Estimating the longitudinal magnetic field in the chromosphere of quiet-Sun magnetic concentrations

Abstract

Context. Details of the magnetic field in the quiet-Sun chromosphere are key to our understanding of essential aspects of the solar atmosphere. However, the strength and orientation of this magnetic field have not been thoroughly studied at high spatial resolution. Aims. We aim to determine the longitudinal magnetic field component (B∥) of quiet-Sun regions depending on their size. Methods. We estimated B∥ by applying the weak-field approximation to high-spatial-resolution Ca II 854.2 nm data taken with the Swedish 1 m Solar Telescope. Specifically, we analyzed the estimates inferred for different spectral ranges using the data at the original cadence and temporally integrated signals.
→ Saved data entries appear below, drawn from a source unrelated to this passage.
lemma fa_add_in [simp]: "f \<in> freealg K \<Longrightarrow> g \<in> freealg K \<Longrightarrow> fa_add f g \<in> freealg K"
  by (rule freealg_if_support_subset[of "{w. f w \<noteq> 0} \<union> {w. g w \<noteq> 0}"])
    (auto simp: freealgD)

lemma fa_smult_in [simp]: "c \<in> K \<Longrightarrow> f \<in> freealg K \<Longrightarrow> fa_smult c f \<in> freealg K"
  by (rule freealg_if_support_subset[of "{w. f w \<noteq> 0}"]) (auto simp: freealgD)

lemma fa_restrict_in [simp]: "f \<in> freealg K \<Longrightarrow> fa_restrict P f \<in> freealg K"
  by (rule freealg_if_support_subset[of "{w. f w \<noteq> 0}"]) (auto simp: freealgD)

lemma fa_monomial_in: "w0 \<noteq> [] \<Longrightarrow> fa_monomial w0 \<in> freealg K"
  by (rule freealg_if_support_subset[of "{w0}"]) (auto simp: fa_monomial_def)

lemma fa_mult_support:
  assumes "fa_mult f g w \<noteq> 0"
  shows "w \<in> (\<lambda>(u, v). u @ v) ` ({u. f u \<noteq> 0} \<times> {v. g v \<noteq> 0})"
proof -
  from assms obtain i where "i \<in> {1..<length w}" "f (take i w) * g (drop i w) \<noteq> 0"
    unfolding fa_mult_def by (meson sum.not_neutral_contains_not_neutral)
  then show ?thesis by (intro image_eqI[of _ _ "(take i w, drop i w)"]) auto
qed

lemma fa_mult_in [simp]:
  assumes "f \<in> freealg K" "g \<in> freealg K"
  shows "fa_mult f g \<in> freealg K"
  using assms fa_mult_support
  by (intro freealg_if_support_subset[of "(\<lambda>(u, v). u @ v) ` ({u. f u \<noteq> 0} \<times> {v. g v \<noteq> 0})"])
    (auto simp: freealgD fa_mult_def)

lemma fa_subspace_supported: "fa_subspace K (fa_supported K S)"
  by (auto simp: fa_subspace_def fa_supported_def)

lemma fa_subspace_Int: "fa_subspace K V \<Longrightarrow> fa_subspace K W \<Longrightarrow> fa_subspace K (V \<inter> W)"
  by (auto simp: fa_subspace_def)

lemma fa_subspace_coeff_kernel: "fa_subspace K W \<Longrightarrow> fa_subspace K {f \<in> W. f w0 = 0}"
  by (auto simp: fa_subspace_def)

lemma fa_subspace_if_fa_ideal: "is_fa_ideal K I \<Longrightarrow> fa_subspace K I"
  by (auto simp: fa_subspace_def is_fa_ideal_def)

lemma fa_subspace_restrict_partition:
  assumes W: "fa_subspace K W" and f: "f \<in> freealg K"
    and pieces: "\<And>d. fa_restrict (\<lambda>w. \<phi> w = d) f \<in> W"
  shows "f \<in> W"
proof -
  have "fa_restrict (\<lambda>w. \<phi> w \<in> D) f \<in> W" if "finite D" for D
    using that
  proof (induction D rule: finite_induct)
    case empty
    then show ?case using W by (simp add: fa_subspace_def fa_restrict_def fa_zero_def)
  next
    case (insert d D)
    have "fa_restrict (\<lambda>w. \<phi> w \<in> insert d D) f =
          fa_add (fa_restrict (\<lambda>w. \<phi> w = d) f) (fa_restrict (\<lambda>w. \<phi> w \<in> D) f)"
      using insert.hyps(2) by (auto simp: fun_eq_iff)
    moreover have "fa_add (fa_restrict (\<lambda>w. \<phi> w = d) f) (fa_restrict (\<lambda>w. \<phi> w \<in> D) f) \<in> W"
      using W pieces insert.IH unfolding fa_subspace_def by blast
    ultimately show ?case by (simp only:)
  qed
  moreover have "f = fa_restrict (\<lambda>w. \<phi> w \<in> \<phi> ` {w. f w \<noteq> 0}) f"
    by (auto simp: fun_eq_iff)
  ultimately show ?thesis using f freealgD(1) by (metis finite_imageI)
qed

end

locale fa_normed = R_or_C_coeffs +
  fixes N :: "(nat list \<Rightarrow> complex) \<Rightarrow> real"
  assumes norm: "is_fa_norm K N"
begin

lemma N_nonneg: "f \<in> freealg K \<Longrightarrow> N f \<ge> 0"
  using norm by (auto simp: is_fa_norm_def)

lemma N_eq_0_iff: "f \<in> freealg K \<Longrightarrow> N f = 0 \<longleftrightarrow> f = fa_zero"
  using norm by (auto simp: is_fa_norm_def)

lemma N_smult: "c \<in> K \<Longrightarrow> f \<in> freealg K \<Longrightarrow> N (fa_smult c f) = cmod c * N f"
  using norm by (auto simp: is_fa_norm_def)

lemma N_add_le: "f \<in> freealg K \<Longrightarrow> g \<in> freealg K \<Longrightarrow> N (fa_add f g) \<le> N f + N g"
  using norm by (auto simp: is_fa_norm_def)

lemma N_diff_commute:
  assumes "f \<in> freealg K" "g \<in> freealg K"
  shows "N (fa_diff f g) = N (fa_diff g f)"
proof -
  have "fa_diff g f = fa_smult (-1) (fa_diff f g)" by (rule ext) simp
  then show ?thesis using assms by (simp add: N_smult)
qed

lemma N_diff_triangle:
  assumes "f \<in> freealg K" "g \<in> freealg K" "h \<in> freealg K"
  shows "N (fa_diff f h) \<le> N (fa_diff f g) + N (fa_diff g h)"
proof -
  have "fa_diff f h = fa_add (fa_diff f g) (fa_diff g h)" by (rule ext) simp
  then show ?thesis using N_add_le[of "fa_diff f g" "fa_diff g h"] assms by simp
qed

text \<open>If the coefficient at w0 were not bounded by the norm, normalising elements with a large
  coefficient would approximate the monomial w0 by elements supported in S.\<close>

lemma coeff_bound_if_closed:
  assumes closed: "is_fa_closed K N (fa_supported K S)" and "w0 \<notin> S"
  shows "\<exists>C. \<forall>h\<in>fa_supported K (insert w0 S). cmod (h w0) \<le> C * N h"
proof (cases "w0 = []")
  case True
  then show ?thesis by (auto simp: fa_supported_def freealgD intro!: exI[of _ 0])
next
  case False
  show ?thesis
  proof (rule ccontr)
    assume unbounded: "\<not> ?thesis"
    have "\<exists>f\<in>fa_supported K S. N (fa_diff (fa_monomial w0) f) < e" if e: "e > 0" for e
    proof -
      obtain h where "h \<in> fa_supported K (insert w0 S)" "cmod (h w0) > (1 / e) * N h"
        using unbounded by (meson not_le)
      then have h: "h \<in> fa_supported K (insert w0 S)" "e * cmod (h w0) > N h"
        using e by (auto simp: field_simps)
      have hf: "h \<in> freealg K" using h(1) by (simp add: fa_supported_def)
      have "h w0 \<noteq> 0" using h(2) N_nonneg[OF hf] by auto
      define k where "k = fa_smult (1 / h w0) h"
      have kf: "k \<in> freealg K" using hf by (simp add: k_def freealgD)
      have "N k = N h / cmod (h w0)"
        using hf by (simp add: k_def N_smult freealgD norm_divide)
      also have "\<dots> < e" using h(2) \<open>h w0 \<noteq> 0\<close> by (simp add: divide_less_eq mult.commute)
      finally have "N k < e" .
      have "fa_diff (fa_monomial w0) k \<in> fa_supported K S"
        using h(1) kf fa_monomial_in[OF False] \<open>h w0 \<noteq> 0\<close>
        by (auto simp: fa_supported_def fa_monomial_def k_def)
      moreover have "fa_diff (fa_monomial w0) (fa_diff (fa_monomial w0) k) = k"
        by (rule ext) simp
      ultimately show ?thesis using \<open>N k < e\<close> by metis
    qed
    then have "fa_monomial w0 \<in> fa_supported K S"
      using closed fa_monomial_in[OF False] unfolding is_fa_closed_def by blast
    then show False using assms(2) by (auto simp: fa_supported_def fa_monomial_def)
  qed
qed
Results. The longitudinal magnetic field in each considered plasma structure correlates with its size. Using a spectral range restricted to the line core leads to chromospheric longitudinal fields varying from ∼50 G at the edges to 150–500 G at the center of the structure. These values increase as the spectral range widens due to the photospheric contribution. However, the difference between this contribution and the chromospheric one is not uniform for all structures. Small and medium-sized concentrations show a steeper height gradient in B∥ compared to their chromospheric values, so estimates for wider ranges are less trustworthy. Signal addition does not alleviate this situation as the height gradients in B∥ are consistent with time. Finally, despite the amplified noise levels that deconvolving processes may cause, data restored with the destretching technique show similar results, though are affected by smearing. Conclusions. We obtained B∥ estimates similar to those previously found, except for large concentrations and wide spectral ranges. In addition, we report a correlation between the height variation of B∥ compared to the chromospheric estimates and the concentration size. This correlation affects the difference between the photospheric and chromospheric magnetic flux values and the reliability of the estimates for wider spectral ranges.